» WHAT IS NEEDED
Where the material below has a line containing "b)$I2$I3 = v2", start repeating exactly, and keep going through the line containing "using e by (simp", with no other lines.
[Start of Attachment]
lemma rotation_mem:
  assumes "normsq g \<le> 1"
  shows "rotation g \<in> G"
proof (cases "g = 0")
  case False
  have "inverse g * (of_real (sqrt (1 - normsq g) * sqrt (1 - normsq g)) - 1) = - conjf g"
    using assms False by (simp add: inverse_mult_cancel_left flip: mult_conj_self)
  then show ?thesis
    using sl2_block_mem[of I2 I3 g "sqrt (1 - normsq g)"] False by (simp add: rotation_def)
qed (simp add: rotation_0 one_mem)

lemma boost_mem: "boost b \<in> G"
proof (cases "b = 0")
  case False
  have "inverse b * (of_real (sqrt (1 + normsq b) * sqrt (1 + normsq b)) - 1) = conjf b"
    using normsq_nonneg[of b] False by (simp add: inverse_mult_cancel_left flip: mult_conj_self)
  then show ?thesis
    using sl2_block_mem[of I1 I3 b "sqrt (1 + normsq b)"] False by (simp add: boost_def)
qed (simp add: boost_0 one_mem)

lemma rotation_in_H:
  assumes "normsq g \<le> 1"
  shows "rotation g \<in> Hgrp G"
proof -
  have "rotation (of_real 1 * g) \<in> Hgrp G"
  proof (rule path_end_H)
    show "continuous_on {0..1} (\<lambda>t. rotation (of_real t * g))"
      by (simp add: rotation_eq_mk_mat3 normsq_mult conj_of_real_mult)
        (intro continuous_on_mk_mat3 continuous_intros)
    show "rotation (of_real t * g) \<in> sigma_fixed G" if "t \<in> {0..1}" for t
    proof -
      have "normsq (of_real t * g) \<le> 1"
        using that assms normsq_nonneg[of g] by (simp add: normsq_mult mult_le_one)
      then show ?thesis
        by (simp add: sigma_fixed_iff rotation_mem rotation_form)
    qed
  qed (simp add: rotation_0)
  then show ?thesis by simp
qed

lemma boost_in_H: "boost b \<in> Hgrp G"
proof -
  have "boost (of_real 1 * b) \<in> Hgrp G"
  proof (rule path_end_H)
    show "continuous_on {0..1} (\<lambda>t. boost (of_real t * b))"
      by (simp add: boost_eq_mk_mat3 normsq_mult conj_of_real_mult)
        (intro continuous_on_mk_mat3 continuous_intros)
    show "boost (of_real t * b) \<in> sigma_fixed G" for t
      by (simp add: sigma_fixed_iff boost_mem boost_form)
  qed (simp add: boost_0)
  then show ?thesis by simp
qed

end

lemma unit_phase_exists:
  fixes v :: "'a::star_div_algebra"
  shows "\<exists>\<mu>. normsq \<mu> = 1 \<and> v * \<mu> = of_real (sqrt (normsq v))"
proof (cases "v = 0")
  case False
  define n where "n = normsq v"
  have n: "0 < n" using False by (simp add: n_def normsq_pos)
  define \<mu> where "\<mu> = conjf v * of_real (1 / sqrt n)"
  have "normsq \<mu> = n * (1 / sqrt n * (1 / sqrt n))"
    by (simp only: \<mu>_def normsq_mult normsq_conj normsq_of_real n_def)
  also have "\<dots> = 1" using n by (simp add: field_simps)
  finally have "normsq \<mu> = 1" .
  moreover have "v * \<mu> = of_real (n * (1 / sqrt n))"
    by (simp only: \<mu>_def mult.assoc[symmetric] mult_conj_self n_def of_real_mult)
  moreover have "n * (1 / sqrt n) = sqrt n"
    using n by (simp add: field_simps)
  ultimately show ?thesis by (metis n_def)
qed (auto intro: exI[of _ 1])

lemma exists_rotation_column:
  fixes w :: "'a::star_div_algebra" and s m :: real
  assumes s: "0 \<le> s" and m: "0 < m" and msq: "m * m = normsq w + s * s"
  shows "\<exists>g. normsq g \<le> 1 \<and> - conjf g * of_real m = w \<and> sqrt (1 - normsq g) * m = s"
proof -
  define k where "k = 1 / m"
  define g where "g = - (of_real k * conjf w)"
  have km: "k * m = 1"
    using m by (simp add: k_def)
  have "- conjf g * of_real m = w * of_real (k * m)"
    by (simp add: g_def conj_mult conj_minus mult.assoc)
  then have "- conjf g * of_real m = w"
    by (simp add: km)
  moreover have ng: "1 - normsq g = (s * k) * (s * k)"
  proof -
    have "normsq g = k * k * (m * m) - (s * k) * (s * k)"
      by (simp add: g_def normsq_mult msq algebra_simps)
    also have "\<dots> = 1 - (s * k) * (s * k)"
      by (metis km mult.assoc mult.commute mult_1_left)
    finally show ?thesis by simp
  qed
  moreover have "0 \<le> (s * k) * (s * k)"
    by simp
  moreover have "sqrt (1 - normsq g) = s * k"
    unfolding ng real_sqrt_abs2 using s m by (simp add: k_def)
  then have "sqrt (1 - normsq g) * m = s"
    by (simp add: mult.assoc km)
  ultimately show ?thesis
    by (metis diff_ge_0_iff_ge)
qed

lemma rotation_boost_col1:
  "(rotation g ** boost b)$I1$I1 = of_real (sqrt (1 + normsq b))"
  "(rotation g ** boost b)$I2$I1 = - conjf g * b"
  "(rotation g ** boost b)$I3$I1 = of_real (sqrt (1 - normsq g)) * b"
  by (simp_all add: rotation_eq_mk_mat3 boost_eq_mk_mat3 matrix_mult_mat3_entry)

lemma rotation_boost_col3:
  "(rotation g ** boost b)$I1$I3 = conjf b"
  "(rotation g ** boost b)$I2$I3 = - conjf g * of_real (sqrt (1 + normsq b))"
  "(rotation g ** boost b)$I3$I3 = of_real (sqrt (1 - normsq g)) * of_real (sqrt (1 + normsq b))"
  by (simp_all add: rotation_eq_mk_mat3 boost_eq_mk_mat3 matrix_mult_mat3_entry)

lemma rotation_boost_first_column:
  fixes w2 w3 g \<nu> :: "'a::star_div_algebra" and m s :: real
  assumes \<nu>: "\<nu> * conjf \<nu> = 1" "w3 * \<nu> = of_real s"
    and g: "- conjf g * of_real m = w2 * \<nu>" "sqrt (1 - normsq g) * m = s"
  shows "(rotation g ** boost (of_real m * conjf \<nu>))$I2$I1 = w2"
    "(rotation g ** boost (of_real m * conjf \<nu>))$I3$I1 = w3"
proof -
  have "(rotation g ** boost (of_real m * conjf \<nu>))$I2$I1 = (- conjf g * of_real m) * conjf \<nu>"
    by (simp add: rotation_boost_col1 mult.assoc)
  also have "\<dots> = w2 * (\<nu> * conjf \<nu>)"
    by (simp only: g(1) mult.assoc)
  finally show "(rotation g ** boost (of_real m * conjf \<nu>))$I2$I1 = w2"
    by (simp add: \<nu>(1))
  have "(rotation g ** boost (of_real m * conjf \<nu>))$I3$I1 =
      of_real (sqrt (1 - normsq g) * m) * conjf \<nu>"
    by (simp add: rotation_boost_col1 mult.assoc)
  also have "\<dots> = w3 * (\<nu> * conjf \<nu>)"
    by (simp only: g(2) \<nu>(2)[symmetric] mult.assoc)
  finally show "(rotation g ** boost (of_real m * conjf \<nu>))$I3$I1 = w3"
    by (simp add: \<nu>(1))
qed

context transvection_group begin

lemma exists_H_third_column:
  fixes v1 v2 v3 :: 'a
  assumes "normsq v1 - normsq v2 - normsq v3 = -1"
  shows "\<exists>h\<in>Hgrp G. \<exists>l. l \<noteq> 0 \<and> h$I1$I3 = v1 * l \<and> h$I2$I3 = v2 * l \<and> h$I3$I3 = v3 * l"
proof -
  obtain \<mu> where \<mu>: "normsq \<mu> = 1" "v3 * \<mu> = of_real (sqrt (normsq v3))"
    using unit_phase_exists by blast
  define s where "s = sqrt (normsq v3)"
  have s: "0 \<le> s" "s * s = normsq v3"
    using normsq_nonneg[of v3] by (simp_all add: s_def)
  define b where "b = conjf (v1 * \<mu>)"
  define m where "m = sqrt (1 + normsq b)"
  have m: "0 < m" "m * m = 1 + normsq b"
    using normsq_nonneg[of b] by (simp_all add: m_def)
  have "m * m = normsq (v2 * \<mu>) + s * s"
    using assms by (simp add: m s b_def normsq_mult \<mu>)
  then obtain g where g: "normsq g \<le> 1" "- conjf g * of_real m = v2 * \<mu>"
    "sqrt (1 - normsq g) * m = s"
    using exists_rotation_column[OF s(1) m(1)] by blast
  have "(rotation g ** boost b)$I1$I3 = v1 * \<mu>"
    by (simp add: rotation_boost_col3 b_def)
  moreover have "(rotation g ** boost b)$I2$I3 = v2 * \<mu>"
    using g(2) by (simp add: rotation_boost_col3 m_def[symmetric])
  moreover have "(rotation g ** boost b)$I3$I3 = v3 * \<mu>"
    using g(3) by (simp add: rotation_boost_col3 \<mu>(2) s_def[symmetric] m_def[symmetric] flip:
      of_real_mult)
  moreover have "rotation g ** boost b \<in> Hgrp G"
    by (intro H_mult rotation_in_H boost_in_H g(1))
  moreover have "\<mu> \<noteq> 0"
    using \<mu>(1) by auto
  ultimately show ?thesis
    by blast
qed

lemma exists_H_first_column:
  fixes v1 v2 v3 :: 'a
  assumes e: "normsq v1 - normsq v2 - normsq v3 = 1"
  shows "\<exists>h\<in>Hgrp G. \<exists>l. l \<noteq> 0 \<and> h$I1$I1 = v1 * l \<and> h$I2$I1 = v2 * l \<and> h$I3$I1 = v3 * l"
proof (cases "v2 = 0 \<and> v3 = 0")
  case True
  then have "v1 \<noteq> 0" using e by auto
  then show ?thesis
    using True mat1_H
    by (intro bexI[of _ "mat 1"] exI[of _ "inverse v1"]) (auto simp: mat1_mat3_entry)
next
  case False
  obtain \<mu> where \<mu>: "normsq \<mu> = 1" "v1 * \<mu> = of_real (sqrt (normsq v1))"
    using unit_phase_exists by blast
  obtain \<nu> where \<nu>: "normsq \<nu> = 1" "v3 * \<mu> * \<nu> = of_real (sqrt (normsq (v3 * \<mu>)))"
    using unit_phase_exists by blast
  define s where "s = sqrt (normsq (v3 * \<mu>))"
  have s: "0 \<le> s" "s * s = normsq v3"
    using normsq_nonneg[of v3] by (simp_all add: s_def normsq_mult \<mu>)
  define m where "m = sqrt (normsq v2 + normsq v3)"
  have m: "0 < m" "m * m = normsq v2 + normsq v3"
    using False normsq_pos[of v2] normsq_pos[of v3] normsq_nonneg[of v2] normsq_nonneg[of v3]
    by (auto simp: m_def)
  have "m * m = normsq (v2 * \<mu> * \<nu>) + s * s"
    by (simp add: m s normsq_mult \<mu> \<nu>)
  then obtain g where g: "normsq g \<le> 1" "- conjf g * of_real m = v2 * \<mu> * \<nu>"
    "sqrt (1 - normsq g) * m = s"
    using exists_rotation_column[OF s(1) m(1)] by blast
  define b where "b = of_real m * conjf \<nu>"
  have "sqrt (1 + normsq b) = sqrt (normsq v1)"
    using e by (simp add: b_def normsq_mult \<nu> m)
  moreover have "\<nu> * conjf \<nu> = 1"
    using \<nu>(1) by (simp add: mult_conj_self)
  ultimately have "(rotation g ** boost b)$I1$I1 = v1 * \<mu>" "(rotation g ** boost b)$I2$I1 = v2 * \<mu>"
    "(rotation g ** boost b)$I3$I1 = v3 * \<mu>"
    using rotation_boost_first_column[OF _ \<nu>(2)[folded s_def] g(2,3)]
    by (simp_all add: b_def \<mu>(2) rotation_boost_col1)
  moreover have "rotation g ** boost b \<in> Hgrp G"
    by (intro H_mult rotation_in_H boost_in_H g(1))
  moreover have "\<mu> \<noteq> 0"
    using \<mu>(1) by auto
  ultimately show ?thesis
    by blast
qed

lemma rotation_minus_1: "rotation (-1 :: 'a) = mk_mat3 1 0 0 0 0 1 0 (-1) 0"
  by (simp add: rotation_eq_mk_mat3 conj_minus)

lemma exists_H_second_column:
  fixes v1 v2 v3 :: 'a
  assumes e: "normsq v1 - normsq v2 - normsq v3 = -1"
  shows "\<exists>h\<in>Hgrp G. \<exists>l. l \<noteq> 0 \<and> h$I1$I2 = v1 * l \<and> h$I2$I2 = v2 * l \<and> h$I3$I2 = v3 * l"
proof -
  obtain h l where h: "h \<in> Hgrp G" "l \<noteq> 0" "h$I1$I3 = v1 * l" "h$I2$I3 = v2 * l" "h$I3$I3 = v3 * l"
    using exists_H_third_column[OF e] by blast
  have rH: "rotation (-1 :: 'a) \<in> Hgrp G" by (rule rotation_in_H) simp
  have "h ** rotation (-1) \<in> Hgrp G" by (rule H_mult[OF h(1) rH])
  moreover have "(h ** rotation (-1))$i$I2 = - (h$i$I3)" for i
    by (simp add: rotation_minus_1 matrix_mult_mat3_entry)
  ultimately show ?thesis using h(2-)
    by (intro bexI[of _ "h ** rotation (-1)"] exI[of _ "- l"]) auto
qed

end

section \<open>\<open>\<sigma>\<close>-parabolic subgroups\<close>

definition Jnorm :: "'a::star_div_algebra mat3 \<Rightarrow> ix \<Rightarrow> real" where
  "Jnorm q j = normsq (q$I1$j) - normsq (q$I2$j) - normsq (q$I3$j)"

lemma Jform_entry:
  "(ctrans q ** Jmat ** q)$i$j =
    conjf (q$I1$i) * q$I1$j - conjf (q$I2$i) * q$I2$j - conjf (q$I3$i) * q$I3$j"
  by (simp add: matrix_mult_mat3_entry ctrans_entry Jmat_entry)

lemma Jform_diag: "(ctrans q ** Jmat ** q)$j$j = of_real (Jnorm q j)"
  by (simp add: Jform_entry Jnorm_def conj_mult_self)

lemma Jform_basis_column:
  assumes "\<And>k. q$k$d = (if k = c then x else 0)"
  shows "(ctrans q ** Jmat ** q)$i$d = conjf (q$c$i) * Jmat$c$c * x"
  using assms by (cases c) (simp_all add: Jform_entry Jmat_entry)

context transvection_group begin

lemma Jnorm_H_first_column: "h \<in> Hgrp G \<Longrightarrow> Jnorm h I1 = 1"
  using arg_cong[OF H_Jform, of h "\<lambda>m. m$I1$I1"] by (simp add: Jform_diag Jmat_entry)

lemma H_entry11_nonzero: "h \<in> Hgrp G \<Longrightarrow> h$I1$I1 \<noteq> 0"
  using Jnorm_H_first_column[of h] normsq_nonneg[of "h$I2$I1"] normsq_nonneg[of "h$I3$I1"]
  by (auto simp: Jnorm_def)

lemma Jform_mult_sigma:
  assumes g: "g \<in> G"
  shows "(ctrans g ** Jmat ** g) ** (matrix_inv g ** sigma g) = Jmat"
proof -
  have "(ctrans g ** Jmat ** g) ** (matrix_inv g ** sigma g) =
      ctrans g ** Jmat ** (g ** matrix_inv g) ** sigma g"
    by (simp add: matrix_mul_assoc)
  also have "\<dots> = ctrans g ** (Jmat ** Jmat) ** ctrans (matrix_inv g) ** Jmat"
    by (simp add: mult_matrix_inv g sigma_def theta_def matrix_mul_assoc)
  also have "\<dots> = ctrans (matrix_inv g ** g) ** Jmat"
    by (simp add: ctrans_mult)
  finally show ?thesis
    by (simp add: matrix_inv_mult g)
qed

lemma Jform_eq_Jmat_matrix_inv:
  assumes g: "g \<in> G"
  shows "ctrans g ** Jmat ** g = Jmat ** matrix_inv (matrix_inv g ** sigma g)"
proof -
  have k: "matrix_inv g ** sigma g \<in> G"
    by (simp add: mult_mem inv_mem sigma_mem g)
  have "ctrans g ** Jmat ** g =
      ((ctrans g ** Jmat ** g) ** (matrix_inv g ** sigma g)) ** matrix_inv (matrix_inv g ** sigma g)"
    by (metis matrix_mul_assoc mult_matrix_inv[OF k] matrix_mul_rid)
  then show ?thesis
    by (simp only: Jform_mult_sigma[OF g])
qed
[End of Attachment]
» WRITTEN RESPONSE
  moreover have "(rotation g ** boost b)$I2$I3 = v2 * \<mu>"
    using g(2) by (simp add: rotation_boost_col3 m_def[symmetric])
  moreover have "(rotation g ** boost b)$I3$I3 = v3 * \<mu>"
    using g(3) by (simp add: rotation_boost_col3 \<mu>(2) s_def[symmetric] m_def[symmetric] flip:
      of_real_mult)
  moreover have "rotation g ** boost b \<in> Hgrp G"
    by (intro H_mult rotation_in_H boost_in_H g(1))
  moreover have "\<mu> \<noteq> 0"
    using \<mu>(1) by auto
  ultimately show ?thesis
    by blast
qed

lemma exists_H_first_column:
  fixes v1 v2 v3 :: 'a
  assumes e: "normsq v1 - normsq v2 - normsq v3 = 1"
  shows "\<exists>h\<in>Hgrp G. \<exists>l. l \<noteq> 0 \<and> h$I1$I1 = v1 * l \<and> h$I2$I1 = v2 * l \<and> h$I3$I1 = v3 * l"
proof (cases "v2 = 0 \<and> v3 = 0")
  case True
  then have "v1 \<noteq> 0" using e by auto
  then show ?thesis
    using True mat1_H
    by (intro bexI[of _ "mat 1"] exI[of _ "inverse v1"]) (auto simp: mat1_mat3_entry)
next
  case False
  obtain \<mu> where \<mu>: "normsq \<mu> = 1" "v1 * \<mu> = of_real (sqrt (normsq v1))"
    using unit_phase_exists by blast
  obtain \<nu> where \<nu>: "normsq \<nu> = 1" "v3 * \<mu> * \<nu> = of_real (sqrt (normsq (v3 * \<mu>)))"
    using unit_phase_exists by blast
  define s where "s = sqrt (normsq (v3 * \<mu>))"
  have s: "0 \<le> s" "s * s = normsq v3"
    using normsq_nonneg[of v3] by (simp_all add: s_def normsq_mult \<mu>)
  define m where "m = sqrt (normsq v2 + normsq v3)"
  have m: "0 < m" "m * m = normsq v2 + normsq v3"
    using False normsq_pos[of v2] normsq_pos[of v3] normsq_nonneg[of v2] normsq_nonneg[of v3]
    by (auto simp: m_def)
  have "m * m = normsq (v2 * \<mu> * \<nu>) + s * s"
    by (simp add: m s normsq_mult \<mu> \<nu>)
  then obtain g where g: "normsq g \<le> 1" "- conjf g * of_real m = v2 * \<mu> * \<nu>"
    "sqrt (1 - normsq g) * m = s"
    using exists_rotation_column[OF s(1) m(1)] by blast
  define b where "b = of_real m * conjf \<nu>"
  have "sqrt (1 + normsq b) = sqrt (normsq v1)"
    using e by (simp add: b_def normsq_mult \<nu> m)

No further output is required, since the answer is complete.